If detected early, a complete surgical excision of the tumor can be performed. However,
in many cases, diagnosis and treatment is delayed, leading to poor prognosis, with a
survival expectation of a mere 6-9 months in the case of metastatic melanoma. Due to
high incidence rates, difficulty in early diagnosis and rapid progression to metastasis,
melanoma is an important malignancy to be studied.
Diagnosis and stage classification of many diseases including cancers is still a major
challenge. Melanoma is a highly heterogeneous disease, with multiple sources of
heterogeneity. It can arise in many regions of the body, with varied incidence patterns.
It is also linked to various alterations at the molecular level, with the pattern of
alterations varying widely across patients. As a result of this heterogeneity, existing
diagnostic and therapeutic methods can lead to poor outcomes in a subset of patients
even if it is effective in a different subset. A large amount of genomic and
transcriptomic data of tumor samples from patients is now available, which provides
new opportunities for understanding disease mechanisms and identifying specific
molecular features characteristic of the disease stage and sub-type. In this context, a
feature refers to a gene or a pool of genes or even a pathway. Identification of molecular
features from such large complex data is still a major challenge in many diseases, and
is currently a highly pursued objective. The multi-level complexities involved in the
disease and the need to study large patient data to understand the perturbations at a
systems level, necessitates the use of large scale computational approaches.

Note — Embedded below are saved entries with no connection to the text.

lemma spectral_projection_eq_lagrange_elem:
  assumes "idempotent_decomposition jm u n c" and "l ` {..<n} - {m} \<subseteq> set ls" and "m \<notin> set ls"
  shows "lagrange_elem jm u m ls (\<Sum>i<n. l i *\<^sub>R c i) = (\<Sum>i<n. of_bool (l i = m) *\<^sub>R c i)"
  unfolding lagrange_elem_decomposition[OF assms(1)] using assms(2,3)
  by (intro sum.cong) (auto simp: lagrange_eq_0 lagrange_self)

lemma spectral_projection_unique:
  assumes "idempotent_decomposition jm u n c" and "idempotent_decomposition jm u n' c'"
    and "(\<Sum>i<n. l i *\<^sub>R c i) = (\<Sum>i<n'. l' i *\<^sub>R c' i)"
  shows "(\<Sum>i<n. of_bool (l i = m) *\<^sub>R c i) = (\<Sum>i<n'. of_bool (l' i = m) *\<^sub>R c' i)"
proof -
  define ls where "ls = sorted_list_of_set (l ` {..<n} \<union> l' ` {..<n'} - {m})"
  have "set ls = l ` {..<n} \<union> l' ` {..<n'} - {m}"
    by (simp add: ls_def)
  then have "lagrange_elem jm u m ls (\<Sum>i<n. l i *\<^sub>R c i) = (\<Sum>i<n. of_bool (l i = m) *\<^sub>R c i)"
    and "lagrange_elem jm u m ls (\<Sum>i<n'. l' i *\<^sub>R c' i) = (\<Sum>i<n'. of_bool (l' i = m) *\<^sub>R c' i)"
    by (auto intro!: spectral_projection_eq_lagrange_elem assms(1,2))
  then show ?thesis
    using assms(3) by simp
qed

lemma spectral_function_unique:
  assumes "idempotent_decomposition jm u n c" and "idempotent_decomposition jm u n' c'"
    and "(\<Sum>i<n. l i *\<^sub>R c i) = (\<Sum>i<n'. l' i *\<^sub>R c' i)"
  shows "(\<Sum>i<n. g (l i) *\<^sub>R c i) = (\<Sum>i<n'. g (l' i) *\<^sub>R c' i)"
proof -
  define S where "S = l ` {..<n} \<union> l' ` {..<n'}"
  have "(\<Sum>i<n. g (l i) *\<^sub>R c i) = (\<Sum>m\<in>S. g m *\<^sub>R (\<Sum>i<n. of_bool (l i = m) *\<^sub>R c i))"
    by (rule sum_scaleR_group_by_value) (auto simp: S_def)
  also have "\<dots> = (\<Sum>m\<in>S. g m *\<^sub>R (\<Sum>i<n'. of_bool (l' i = m) *\<^sub>R c' i))"
    using spectral_projection_unique[OF assms] by simp
  also have "\<dots> = (\<Sum>i<n'. g (l' i) *\<^sub>R c' i)"
    by (rule sum_scaleR_group_by_value[symmetric]) (auto simp: S_def)
  finally show ?thesis .
qed

lemma jexp_jordan_frame:
  assumes "jordan_frame jm u n c"
  shows "jexp jm u (\<Sum>i<n. l i *\<^sub>R c i) = (\<Sum>i<n. exp (l i) *\<^sub>R c i)"
  unfolding jexp_def
proof (rule the_equality)
  fix y
  assume "\<exists>n' c' l'. jordan_frame jm u n' c' \<and> (\<Sum>i<n. l i *\<^sub>R c i) = (\<Sum>i<n'. l' i *\<^sub>R c' i)
            \<and> y = (\<Sum>i<n'. exp (l' i) *\<^sub>R c' i)"
  then obtain n' c' l' where frame': "jordan_frame jm u n' c'"
    and eq: "(\<Sum>i<n. l i *\<^sub>R c i) = (\<Sum>i<n'. l' i *\<^sub>R c' i)"
    and y: "y = (\<Sum>i<n'. exp (l' i) *\<^sub>R c' i)"
    by blast
  note decomp = jordan_frame_imp_idempotent_decomposition
  show "y = (\<Sum>i<n. exp (l i) *\<^sub>R c i)"
    unfolding y using spectral_function_unique[OF decomp[OF assms] decomp[OF frame'] eq] by simp
qed (use assms in blast)

lemma jspec_jordan_frame:
  assumes "jordan_frame jm u n c"
  shows "jspec jm u (\<Sum>i<n. l i *\<^sub>R c i) = l ` {..<n}"
proof
  show "l ` {..<n} \<subseteq> jspec jm u (\<Sum>i<n. l i *\<^sub>R c i)"
    using assms unfolding jspec_def by blast
  show "jspec jm u (\<Sum>i<n. l i *\<^sub>R c i) \<subseteq> l ` {..<n}"
  proof
    fix m
    assume "m \<in> jspec jm u (\<Sum>i<n. l i *\<^sub>R c i)"
    then obtain n' c' l' j where frame': "jordan_frame jm u n' c'"
      and eq: "(\<Sum>i<n. l i *\<^sub>R c i) = (\<Sum>i<n'. l' i *\<^sub>R c' i)" and j: "j < n'" "l' j = m"
      unfolding jspec_def by blast
    note decomp = jordan_frame_imp_idempotent_decomposition
    show "m \<in> l ` {..<n}"
    proof (rule ccontr)
      assume "m \<notin> l ` {..<n}"
      then have "(\<Sum>i<n. of_bool (l i = m) *\<^sub>R c i) = 0"
        by (intro sum.neutral) auto
      then have "(\<Sum>i<n'. of_bool (l' i = m) *\<^sub>R c' i) = 0"
        using spectral_projection_unique[OF decomp[OF assms] decomp[OF frame'] eq, of m] by simp
      then have "c' j = 0"
        using idempotent_decomposition_mult_right[OF decomp[OF frame'] j(1), of "\<lambda>i. of_bool (l' i = m)"] j(2)
        by simp
      then show False
        using jordan_frame_nonzero[OF frame' j(1)] by contradiction
    qed
  qed
qed

lemma unorm_jordan_frame:
  "jordan_frame jm u n c \<Longrightarrow> unorm jm u (\<Sum>i<n. l i *\<^sub>R c i) = Max ((\<lambda>i. \<bar>l i\<bar>) ` {..<n})"
  by (simp add: unorm_def jspec_jordan_frame image_image)

end

primrec jpow :: "('a::real_vector \<Rightarrow> 'a \<Rightarrow> 'a) \<Rightarrow> 'a \<Rightarrow> 'a \<Rightarrow> nat \<Rightarrow> 'a" where
  "jpow jm u z 0 = u"
| "jpow jm u z (Suc n) = jm z (jpow jm u z n)"

locale eja =
  fixes jm :: "'a::euclidean_space \<Rightarrow> 'a \<Rightarrow> 'a"  (infixl "\<cdot>" 70) and u :: 'a
  assumes EJA: "EJA jm u"
begin

sublocale bilinear_product jm
  using EJA by unfold_locales (simp add: EJA_def)

lemma mult_commute: "x \<cdot> y = y \<cdot> x"
  using EJA by (simp add: EJA_def)

lemma jordan_identity: "(x \<cdot> x) \<cdot> (x \<cdot> y) = x \<cdot> ((x \<cdot> x) \<cdot> y)"
  using EJA by (simp add: EJA_def jsq_def)

lemma mult_unit_left [simp]: "u \<cdot> x = x"
  using EJA by (simp add: EJA_def)

lemma mult_unit_right [simp]: "x \<cdot> u = x"
  using mult_commute by simp

lemma unit_nonzero: "u \<noteq> 0"
proof
  assume "u = 0"
  then have "x = 0" for x :: 'a
    using mult_unit_left[of x] by simp
  then show False
    using nonzero_Basis SOME_Basis by blast
qed

lemma square_add_square_eq_0D:
  assumes "y \<cdot> y + w \<cdot> w = 0"
  shows "w = 0"
proof -
  define x where "x i = (if i = 0 then y else w)" for i :: nat
  have "(\<Sum>i<2. jsq jm (x i)) = 0"
    using assms by (simp add: x_def jsq_def numeral_2_eq_2)
  then have "\<forall>i<2. x i = 0"
    using EJA unfolding EJA_def by blast
  then show ?thesis
    by (auto simp: x_def dest: spec[of _ 1])
qed

text \<open>The Jordan identity is cubic in x; the alternating sum of its instances at a + b + c,
  a + b, a + c, b + c, a, b, c isolates the fully polarised part.\<close>

lemma jordan_identity_linearized:
  "(a \<cdot> b) \<cdot> (c \<cdot> w) + (b \<cdot> c) \<cdot> (a \<cdot> w) + (c \<cdot> a) \<cdot> (b \<cdot> w)
   = c \<cdot> ((a \<cdot> b) \<cdot> w) + a \<cdot> ((b \<cdot> c) \<cdot> w) + b \<cdot> ((c \<cdot> a) \<cdot> w)"
proof -
  define T where "T x = (x \<cdot> x) \<cdot> (x \<cdot> w) - x \<cdot> ((x \<cdot> x) \<cdot> w)" for x
  have "T x = 0" for x
    unfolding T_def using jordan_identity by simp
  then have "T (a + b + c) - T (a + b) - T (a + c) - T (b + c) + T a + T b + T c = 0"
    by simp
  then have "2 *\<^sub>R ((a \<cdot> b) \<cdot> (c \<cdot> w) + (b \<cdot> c) \<cdot> (a \<cdot> w) + (c \<cdot> a) \<cdot> (b \<cdot> w)
      - (c \<cdot> ((a \<cdot> b) \<cdot> w) + a \<cdot> ((b \<cdot> c) \<cdot> w) + b \<cdot> ((c \<cdot> a) \<cdot> w))) = 0"
    unfolding T_def
    by (simp add: algebra_simps mult_commute[of b a] mult_commute[of c a] mult_commute[of c b] scaleR_2)
  then show ?thesis
    by simp
qed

While melanoma, like many other diseases, can be associated with variations at
multiple levels, the onset of the disease is due to mutations in critical genes. Metabolic
alterations are also known to occur in the disease, which cater to the high energy needs
of a progressive tumor. Viewing the disease from a different perspective, modulation
of the immune processes has also been studied, which has now shown that the tumor
evades the immune system and manages to proliferate. In this work, a computational
systems biology approach was used to identify the molecular features which addresses
all these aspects and are responsible for the progression of melanoma.
As a first objective in Chapter 2, a new network-based computational pipeline
combined with machine learning method which utilizes publicly available
transcriptomic data of melanoma patient samples was developed to identify signature
genes which can efficiently classify metastatic melanoma and primary melanoma.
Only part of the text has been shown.